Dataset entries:
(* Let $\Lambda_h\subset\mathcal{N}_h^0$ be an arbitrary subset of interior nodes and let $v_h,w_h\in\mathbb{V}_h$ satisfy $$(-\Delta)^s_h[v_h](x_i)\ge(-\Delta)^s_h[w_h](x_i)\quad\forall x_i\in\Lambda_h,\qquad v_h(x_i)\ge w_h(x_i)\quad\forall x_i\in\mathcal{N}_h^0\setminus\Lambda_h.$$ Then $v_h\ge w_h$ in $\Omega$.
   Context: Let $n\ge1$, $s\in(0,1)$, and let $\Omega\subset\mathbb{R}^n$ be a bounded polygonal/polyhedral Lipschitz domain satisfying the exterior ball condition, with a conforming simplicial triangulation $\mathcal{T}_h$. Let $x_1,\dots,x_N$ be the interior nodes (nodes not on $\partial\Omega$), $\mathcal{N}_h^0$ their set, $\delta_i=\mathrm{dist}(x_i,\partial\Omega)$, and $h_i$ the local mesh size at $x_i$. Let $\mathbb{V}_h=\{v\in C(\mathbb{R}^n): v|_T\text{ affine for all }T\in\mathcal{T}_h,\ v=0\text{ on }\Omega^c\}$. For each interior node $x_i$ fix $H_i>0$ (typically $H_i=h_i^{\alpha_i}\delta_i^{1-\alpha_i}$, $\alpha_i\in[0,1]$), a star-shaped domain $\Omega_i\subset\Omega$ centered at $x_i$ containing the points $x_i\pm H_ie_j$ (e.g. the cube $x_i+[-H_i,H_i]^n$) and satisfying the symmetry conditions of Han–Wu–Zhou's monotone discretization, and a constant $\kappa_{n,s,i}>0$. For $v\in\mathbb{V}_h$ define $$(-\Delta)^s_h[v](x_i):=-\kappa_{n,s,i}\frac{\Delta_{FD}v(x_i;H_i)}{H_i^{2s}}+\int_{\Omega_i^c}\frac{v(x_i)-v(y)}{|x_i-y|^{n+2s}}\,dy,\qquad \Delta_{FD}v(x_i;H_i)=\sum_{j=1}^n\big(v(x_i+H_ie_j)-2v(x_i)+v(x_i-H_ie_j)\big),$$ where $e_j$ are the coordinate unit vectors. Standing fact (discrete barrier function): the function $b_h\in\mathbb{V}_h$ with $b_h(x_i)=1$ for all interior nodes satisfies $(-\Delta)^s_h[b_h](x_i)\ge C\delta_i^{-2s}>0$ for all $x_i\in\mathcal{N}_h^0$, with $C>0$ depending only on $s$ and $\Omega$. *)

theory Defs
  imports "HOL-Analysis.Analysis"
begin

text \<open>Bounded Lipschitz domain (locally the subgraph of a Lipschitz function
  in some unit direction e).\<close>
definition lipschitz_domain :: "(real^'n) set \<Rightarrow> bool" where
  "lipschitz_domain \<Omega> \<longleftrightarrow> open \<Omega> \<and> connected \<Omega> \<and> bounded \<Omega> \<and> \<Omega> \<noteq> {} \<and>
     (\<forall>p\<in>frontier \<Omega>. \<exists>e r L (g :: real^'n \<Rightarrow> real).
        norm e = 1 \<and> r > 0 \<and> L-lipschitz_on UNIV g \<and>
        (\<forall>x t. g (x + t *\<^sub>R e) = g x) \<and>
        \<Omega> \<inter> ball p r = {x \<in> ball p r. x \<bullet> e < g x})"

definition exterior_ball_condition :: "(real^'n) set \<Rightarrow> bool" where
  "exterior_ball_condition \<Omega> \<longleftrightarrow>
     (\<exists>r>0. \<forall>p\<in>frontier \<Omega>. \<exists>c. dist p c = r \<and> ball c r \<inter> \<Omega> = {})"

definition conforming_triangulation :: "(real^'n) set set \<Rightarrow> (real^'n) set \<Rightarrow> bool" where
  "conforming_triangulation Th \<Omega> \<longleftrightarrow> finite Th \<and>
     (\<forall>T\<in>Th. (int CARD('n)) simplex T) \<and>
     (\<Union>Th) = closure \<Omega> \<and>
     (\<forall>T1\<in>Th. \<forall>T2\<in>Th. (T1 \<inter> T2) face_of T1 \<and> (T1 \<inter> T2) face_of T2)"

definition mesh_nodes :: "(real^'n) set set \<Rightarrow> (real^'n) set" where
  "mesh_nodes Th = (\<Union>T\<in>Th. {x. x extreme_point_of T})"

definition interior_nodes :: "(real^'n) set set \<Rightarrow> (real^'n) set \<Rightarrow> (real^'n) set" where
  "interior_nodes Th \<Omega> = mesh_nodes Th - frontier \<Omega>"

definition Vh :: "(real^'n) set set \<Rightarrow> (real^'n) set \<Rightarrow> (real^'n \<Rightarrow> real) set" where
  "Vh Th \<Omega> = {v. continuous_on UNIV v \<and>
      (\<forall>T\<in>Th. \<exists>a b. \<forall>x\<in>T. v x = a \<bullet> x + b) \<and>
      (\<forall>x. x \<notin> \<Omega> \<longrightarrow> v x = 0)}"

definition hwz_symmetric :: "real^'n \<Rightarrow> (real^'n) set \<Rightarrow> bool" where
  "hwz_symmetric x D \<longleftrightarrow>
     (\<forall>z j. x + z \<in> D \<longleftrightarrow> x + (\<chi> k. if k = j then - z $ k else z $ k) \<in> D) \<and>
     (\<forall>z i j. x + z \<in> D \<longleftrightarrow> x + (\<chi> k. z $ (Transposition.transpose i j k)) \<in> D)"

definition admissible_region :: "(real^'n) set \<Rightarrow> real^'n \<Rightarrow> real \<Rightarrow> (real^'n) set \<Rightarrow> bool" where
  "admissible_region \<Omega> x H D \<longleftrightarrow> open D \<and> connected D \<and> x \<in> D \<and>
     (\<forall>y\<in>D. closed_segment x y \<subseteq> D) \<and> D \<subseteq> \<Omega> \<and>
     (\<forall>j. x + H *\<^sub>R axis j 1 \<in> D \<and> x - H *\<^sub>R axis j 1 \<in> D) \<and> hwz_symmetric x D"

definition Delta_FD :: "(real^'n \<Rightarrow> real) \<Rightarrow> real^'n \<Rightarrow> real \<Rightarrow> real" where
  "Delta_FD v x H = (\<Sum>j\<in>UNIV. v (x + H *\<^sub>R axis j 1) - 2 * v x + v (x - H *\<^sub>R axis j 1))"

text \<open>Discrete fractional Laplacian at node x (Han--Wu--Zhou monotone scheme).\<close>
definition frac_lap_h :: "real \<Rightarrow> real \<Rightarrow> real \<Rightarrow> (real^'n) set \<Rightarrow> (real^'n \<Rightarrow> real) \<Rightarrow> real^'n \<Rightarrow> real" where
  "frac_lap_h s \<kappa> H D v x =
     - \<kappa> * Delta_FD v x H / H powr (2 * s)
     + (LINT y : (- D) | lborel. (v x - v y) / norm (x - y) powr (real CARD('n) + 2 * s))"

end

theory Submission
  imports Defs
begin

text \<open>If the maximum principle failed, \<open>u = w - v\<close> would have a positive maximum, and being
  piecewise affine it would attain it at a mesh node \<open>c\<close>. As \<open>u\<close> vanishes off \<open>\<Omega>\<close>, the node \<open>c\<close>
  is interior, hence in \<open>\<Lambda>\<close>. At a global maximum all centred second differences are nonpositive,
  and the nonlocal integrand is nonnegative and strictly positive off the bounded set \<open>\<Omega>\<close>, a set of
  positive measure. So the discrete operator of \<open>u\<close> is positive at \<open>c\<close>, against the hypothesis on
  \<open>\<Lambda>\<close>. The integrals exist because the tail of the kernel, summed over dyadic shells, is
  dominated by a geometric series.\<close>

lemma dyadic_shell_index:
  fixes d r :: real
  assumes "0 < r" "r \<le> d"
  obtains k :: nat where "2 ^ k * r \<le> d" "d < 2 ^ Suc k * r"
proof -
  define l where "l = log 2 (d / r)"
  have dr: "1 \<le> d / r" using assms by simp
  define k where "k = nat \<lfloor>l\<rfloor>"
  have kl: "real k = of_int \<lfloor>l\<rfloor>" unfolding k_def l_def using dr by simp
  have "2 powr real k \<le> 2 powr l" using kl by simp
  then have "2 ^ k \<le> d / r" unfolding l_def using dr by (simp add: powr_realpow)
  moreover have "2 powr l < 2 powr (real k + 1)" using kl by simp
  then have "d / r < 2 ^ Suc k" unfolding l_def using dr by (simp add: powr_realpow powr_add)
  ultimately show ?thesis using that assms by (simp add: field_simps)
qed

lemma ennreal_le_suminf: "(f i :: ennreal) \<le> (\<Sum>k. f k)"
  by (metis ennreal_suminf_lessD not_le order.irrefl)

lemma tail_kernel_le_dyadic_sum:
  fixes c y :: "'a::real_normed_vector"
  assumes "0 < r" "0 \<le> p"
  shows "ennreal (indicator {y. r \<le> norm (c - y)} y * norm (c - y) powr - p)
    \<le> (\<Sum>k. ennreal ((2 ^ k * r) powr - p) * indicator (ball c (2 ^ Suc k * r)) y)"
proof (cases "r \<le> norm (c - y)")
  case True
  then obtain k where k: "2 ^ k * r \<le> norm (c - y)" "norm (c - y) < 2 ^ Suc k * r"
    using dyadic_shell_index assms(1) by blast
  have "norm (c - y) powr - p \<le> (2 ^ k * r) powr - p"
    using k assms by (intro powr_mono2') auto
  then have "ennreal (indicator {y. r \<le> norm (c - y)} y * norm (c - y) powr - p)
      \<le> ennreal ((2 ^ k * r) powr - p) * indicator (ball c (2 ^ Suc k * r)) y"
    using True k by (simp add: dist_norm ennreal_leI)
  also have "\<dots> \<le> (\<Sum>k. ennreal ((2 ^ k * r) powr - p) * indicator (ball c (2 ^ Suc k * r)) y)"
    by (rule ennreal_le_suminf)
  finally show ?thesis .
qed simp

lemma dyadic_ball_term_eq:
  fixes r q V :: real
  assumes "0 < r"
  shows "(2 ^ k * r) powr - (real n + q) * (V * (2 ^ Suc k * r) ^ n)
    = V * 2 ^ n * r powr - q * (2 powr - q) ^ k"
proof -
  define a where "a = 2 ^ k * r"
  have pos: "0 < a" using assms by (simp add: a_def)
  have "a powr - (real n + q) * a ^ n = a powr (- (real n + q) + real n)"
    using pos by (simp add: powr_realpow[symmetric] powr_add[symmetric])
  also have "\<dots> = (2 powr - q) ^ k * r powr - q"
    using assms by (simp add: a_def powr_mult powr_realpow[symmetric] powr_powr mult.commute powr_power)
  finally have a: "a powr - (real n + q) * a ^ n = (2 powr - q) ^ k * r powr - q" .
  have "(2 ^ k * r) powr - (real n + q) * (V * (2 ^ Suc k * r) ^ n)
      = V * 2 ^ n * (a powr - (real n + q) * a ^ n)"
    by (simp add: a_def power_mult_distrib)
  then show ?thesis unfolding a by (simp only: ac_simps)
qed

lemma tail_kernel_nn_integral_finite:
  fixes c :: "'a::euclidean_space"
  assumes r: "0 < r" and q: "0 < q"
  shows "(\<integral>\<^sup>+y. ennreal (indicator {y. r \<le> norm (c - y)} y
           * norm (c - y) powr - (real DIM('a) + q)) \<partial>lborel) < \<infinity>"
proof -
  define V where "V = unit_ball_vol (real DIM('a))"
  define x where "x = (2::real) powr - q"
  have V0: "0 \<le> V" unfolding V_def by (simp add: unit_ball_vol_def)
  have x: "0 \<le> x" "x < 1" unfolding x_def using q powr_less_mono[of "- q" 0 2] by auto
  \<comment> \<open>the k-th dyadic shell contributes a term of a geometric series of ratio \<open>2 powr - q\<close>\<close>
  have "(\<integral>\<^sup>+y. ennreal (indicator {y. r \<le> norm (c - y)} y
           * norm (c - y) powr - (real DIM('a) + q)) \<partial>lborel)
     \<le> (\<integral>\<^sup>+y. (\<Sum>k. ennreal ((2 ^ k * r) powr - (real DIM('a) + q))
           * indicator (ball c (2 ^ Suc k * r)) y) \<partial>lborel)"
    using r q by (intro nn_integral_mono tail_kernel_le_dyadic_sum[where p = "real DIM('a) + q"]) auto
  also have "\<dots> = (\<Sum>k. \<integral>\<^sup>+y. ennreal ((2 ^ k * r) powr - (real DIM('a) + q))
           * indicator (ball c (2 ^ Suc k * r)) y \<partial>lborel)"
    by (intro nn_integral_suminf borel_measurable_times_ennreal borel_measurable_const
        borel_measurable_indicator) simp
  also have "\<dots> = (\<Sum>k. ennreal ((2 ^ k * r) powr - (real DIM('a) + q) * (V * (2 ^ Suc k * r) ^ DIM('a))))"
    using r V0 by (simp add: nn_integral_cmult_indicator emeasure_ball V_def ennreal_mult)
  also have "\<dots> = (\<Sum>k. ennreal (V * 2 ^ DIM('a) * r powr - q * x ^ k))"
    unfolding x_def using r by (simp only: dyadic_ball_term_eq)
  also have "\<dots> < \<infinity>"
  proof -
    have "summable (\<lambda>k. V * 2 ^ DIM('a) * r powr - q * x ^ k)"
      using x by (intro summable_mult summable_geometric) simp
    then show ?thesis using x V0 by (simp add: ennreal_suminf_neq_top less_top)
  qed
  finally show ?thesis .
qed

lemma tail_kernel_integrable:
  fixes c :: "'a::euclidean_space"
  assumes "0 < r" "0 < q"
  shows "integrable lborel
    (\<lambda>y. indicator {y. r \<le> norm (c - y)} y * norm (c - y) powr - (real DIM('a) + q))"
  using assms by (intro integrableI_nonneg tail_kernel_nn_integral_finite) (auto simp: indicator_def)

▸ PROBLEM TO SOLVE
Beginning at the line above with "(\<forall>j. x +" and finishing at the line with "real) \<Rightarrow> real^'n \<Rightarrow> real \<Rightarrow>", return each line exactly and return nothing else.

▸ RESULT FOR THIS EXERCISE
     (\<forall>j. x + H *\<^sub>R axis j 1 \<in> D \<and> x - H *\<^sub>R axis j 1 \<in> D) \<and> hwz_symmetric x D"

definition Delta_FD :: "(real^'n \<Rightarrow> real) \<Rightarrow> real^'n \<Rightarrow> real \<Rightarrow> real" where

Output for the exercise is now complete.